L’Afrique, nouvelle frontière du djihad ?

Cette recension a été publiée dans le numéro d’hiver de Politique étrangère
(n° 4/2018)
. Alain Antil, directeur du Centre Afrique subsaharienne de l’Ifri, propose une analyse de l’ouvrage de Marc-Antoine Pérouse de Montclos, L’Afrique, nouvelle frontière du djihad ? (La Découverte, 2018, 160 pages).

L’auteur est un spécialiste reconnu des conflits en Afrique subsaharienne, et l’un des premiers chercheurs à avoir travaillé sur les mystérieux « talibans » du nord-est du Nigeria, par la suite connus sous le nom de Boko Haram.

L’analyse du terrorisme en Afrique subsaharienne oppose, depuis son apparition, ceux qui considèrent que l’on a affaire à la progression d’un front (le fameux « arc de crises »), à ceux qui insistent sur le contexte local et national.

Les premiers s’appuient sur des faits concrets (financements, circulations de combattants et d’idées, diffusion du wahhabisme, conquête de territoires, stratégies de communications similaires), et tentent de décrire un tout cohérent. À cette approche s’opposent ceux qui entendent, comme ici l’auteur, analyser le développement des groupes djihadistes dans leur contexte propre : dynamiques locales, historicité du fait djihadiste (les multiples États théocratiques ayant fleuri au Sahel durant le XIXe siècle), histoire de la violence tant au niveau local que national, et bien sûr substrat socio-économique.

En effet, bien que ces groupes djihadistes puissent connaître des influences, des inspirations et des financements extérieurs au continent, et penser s’insérer à leur manière dans un djihad global, on ne peut les analyser et les comprendre sans s’interroger sur les dynamiques à l’œuvre localement. Des études sur les djihadistes sahéliens, s’appuyant sur les parcours de vie de repentis ou de personnes détenues dans le cadre d’affaires terroristes, montrent en effet la pluralité des motivations individuelles à rejoindre ces groupes : religieuses certes, mais aussi pour des raisons financières, ou pour protéger sa famille ou sa communauté, pour régler des comptes avec une communauté rivale, pour accéder plus facilement au mariage, pour instaurer un ordre politico-juridique plus juste inspiré par la charia, et ainsi balayer une classe politique et affairiste irrémédiablement corrompue…

L’auteur, à travers une série de chapitres convaincants, travaille donc à la fois à critiquer l’approche globaliste et à démontrer la fragmentation extrême du djihadisme, ainsi que l’inscription de ces groupes dans des dynamiques locales et des trajectoires nationales.
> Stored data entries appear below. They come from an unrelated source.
(* Consider the following three multigraphs. (a) $H_a$ has vertices $p,q,r,s,t,z$ and edges: three parallel edges $v_1,v_2,v_3$ joining $p,q$; three parallel edges $x_1,x_2,x_3$ joining $q,r$; two parallel edges $u_1,u_2$ joining $p,s$; two parallel edges $y_1,y_2$ joining $r,t$; and one edge $w$ joining $q,z$. (b) $H_b=H_a-z$ (i.e., $H_a$ with the edge $w$ and vertex $z$ removed). (c) $H_c$ has vertices $p_0,p_1,p_2,p_3,p_4$ and edges: one edge $u$ joining $p_0,p_3$; three parallel edges $v_1,v_2,v_3$ joining $p_0,p_1$; two parallel edges $x_1,x_2$ joining $p_1,p_2$; one edge $y$ joining $p_2,p_4$; one edge $w$ joining $p_0,p_4$. Let $L(\cdot)$ denote the line graph and $d(\cdot)$ the degree in the respective line graph. Then $L(H_a)$ is $f$-KP with $f(e)=d(e)-1$ for all vertices $e$; $L(H_b)$ is $f$-KP with $f(e)=d(e)$ for $e\in\{v_1,v_2,v_3,x_1,x_2,x_3\}$ and $f(e)=d(e)-1$ for $e\in\{u_1,u_2,y_1,y_2\}$; and $L(H_c)$ is $f$-KP with $f(e)=d(e)-1$ for all vertices $e$.
   Context: The line graph of a multigraph $H$ has vertex set $E(H)$, two vertices adjacent when the corresponding edges share an endpoint (in particular parallel edges are adjacent). A digraph (in which some edges may be oriented in both directions) is kernel-perfect if every induced subdigraph $D'$ has a kernel, i.e., a set $I\subseteq V(D')$ with no arc between two of its vertices such that every vertex of $D'$ not in $I$ has an out-neighbor in $I$. A graph $G$ is $f$-KP if some supergraph $G'$ of $G$ on the same vertex set (possibly with parallel edges; equivalently, an orientation of $G$ in which some edges may be oriented in both directions) has a kernel-perfect orientation with $d^+(v)<f(v)$ for all $v$. *)

theory Defs
  imports Main
begin

text \<open>A digraph on vertex set V is given by an arc predicate A (A x y means an arc x -> y).
  An edge oriented in both directions corresponds to A x y and A y x.\<close>

definition is_kernel :: "('a \<Rightarrow> 'a \<Rightarrow> bool) \<Rightarrow> 'a set \<Rightarrow> 'a set \<Rightarrow> bool" where
  "is_kernel A S I \<longleftrightarrow> I \<subseteq> S \<and> (\<forall>x\<in>I. \<forall>y\<in>I. \<not> A x y) \<and> (\<forall>x\<in>S - I. \<exists>y\<in>I. A x y)"

definition kernel_perfect :: "'a set \<Rightarrow> ('a \<Rightarrow> 'a \<Rightarrow> bool) \<Rightarrow> bool" where
  "kernel_perfect V A \<longleftrightarrow> (\<forall>S. S \<subseteq> V \<longrightarrow> (\<exists>I. is_kernel A S I))"

definition outdeg :: "'a set \<Rightarrow> ('a \<Rightarrow> 'a \<Rightarrow> bool) \<Rightarrow> 'a \<Rightarrow> nat" where
  "outdeg V A v = card {u \<in> V. A v u}"

definition f_KP :: "'a set \<Rightarrow> ('a \<Rightarrow> 'a \<Rightarrow> bool) \<Rightarrow> ('a \<Rightarrow> nat) \<Rightarrow> bool" where
  "f_KP V E f \<longleftrightarrow> (\<exists>A.
      (\<forall>u v. A u v \<longrightarrow> u \<in> V \<and> v \<in> V \<and> E u v) \<and>
      (\<forall>u\<in>V. \<forall>v\<in>V. E u v \<longrightarrow> A u v \<or> A v u) \<and>
      kernel_perfect V A \<and>
      (\<forall>v\<in>V. outdeg V A v < f v))"

text \<open>A multigraph is given by an edge set Ed and an endpoint map ends (each edge has a
  2-element set of ends; parallel edges are distinct edges with the same ends).\<close>
definition lg_adj :: "('e \<Rightarrow> 'v set) \<Rightarrow> 'e \<Rightarrow> 'e \<Rightarrow> bool" where
  "lg_adj ends e e' \<longleftrightarrow> e \<noteq> e' \<and> ends e \<inter> ends e' \<noteq> {}"

definition lg_deg :: "'e set \<Rightarrow> ('e \<Rightarrow> 'v set) \<Rightarrow> 'e \<Rightarrow> nat" where
  "lg_deg Ed ends e = card {e' \<in> Ed. lg_adj ends e e'}"

datatype va = p | q | r | s | t | z
datatype ea = v1 | v2 | v3 | x1 | x2 | x3 | u1 | u2 | y1 | y2 | w

fun ends_a :: "ea \<Rightarrow> va set" where
  "ends_a v1 = {p, q}" | "ends_a v2 = {p, q}" | "ends_a v3 = {p, q}"
| "ends_a x1 = {q, r}" | "ends_a x2 = {q, r}" | "ends_a x3 = {q, r}"
| "ends_a u1 = {p, s}" | "ends_a u2 = {p, s}"
| "ends_a y1 = {r, t}" | "ends_a y2 = {r, t}"
| "ends_a w = {q, z}"

definition E_a :: "ea set" where "E_a = UNIV"
text \<open>H_b = H_a - z: delete vertex z and its only incident edge w.\<close>
definition E_b :: "ea set" where "E_b = UNIV - {w}"

datatype vc = p0 | p1 | p2 | p3 | p4
datatype ec = cu | cv1 | cv2 | cv3 | cx1 | cx2 | cy | cw

fun ends_c :: "ec \<Rightarrow> vc set" where
  "ends_c cu = {p0, p3}"
| "ends_c cv1 = {p0, p1}" | "ends_c cv2 = {p0, p1}" | "ends_c cv3 = {p0, p1}"
| "ends_c cx1 = {p1, p2}" | "ends_c cx2 = {p1, p2}"
| "ends_c cy = {p2, p4}"
| "ends_c cw = {p0, p4}"

definition E_c :: "ec set" where "E_c = UNIV"

end

theory Submission
  imports Defs
begin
La démonstration est stimulante, en particulier sur le Nigeria, où l’auteur montre que l’on ne peut comprendre le degré de violence et de cruauté de Boko Haram sans réfléchir sérieusement au rôle de la violence des forces armées nigérianes dans l’aggravation et la durée du conflit. Déjà, la guerre du Biafra s’était prolongée en raison du jusqu’au-boutisme des sécessionnistes qui craignaient un génocide de la part des forces armées. De même, la gestion sécuritaire de Boko Haram a été parsemée de décisions qui ont aggravé le problème. La liquidation, en 2009, d’un millier de membres de Boko Haram a contribué à transformer une secte violente en machine de guerre impitoyable. La cruauté de l’armée nigériane et l’emploi de troupes auxiliaires (Civilian Joint Task Force – CJTF) ont conduit Boko Haram à une stratégie de terreur pour dissuader des villages de rejoindre les CJTF.

Au-delà du seul cas nigérian, l’auteur souligne que l’attitude des forces armées est partout un problème, de même que le combat contre un « terrorisme » mal défini juridiquement, ce qui permet de réprimer d’autres formes de contestation sociale.

Cet ouvrage est indispensable pour aborder avec quelque recul le fait djihadiste en Afrique subsaharienne.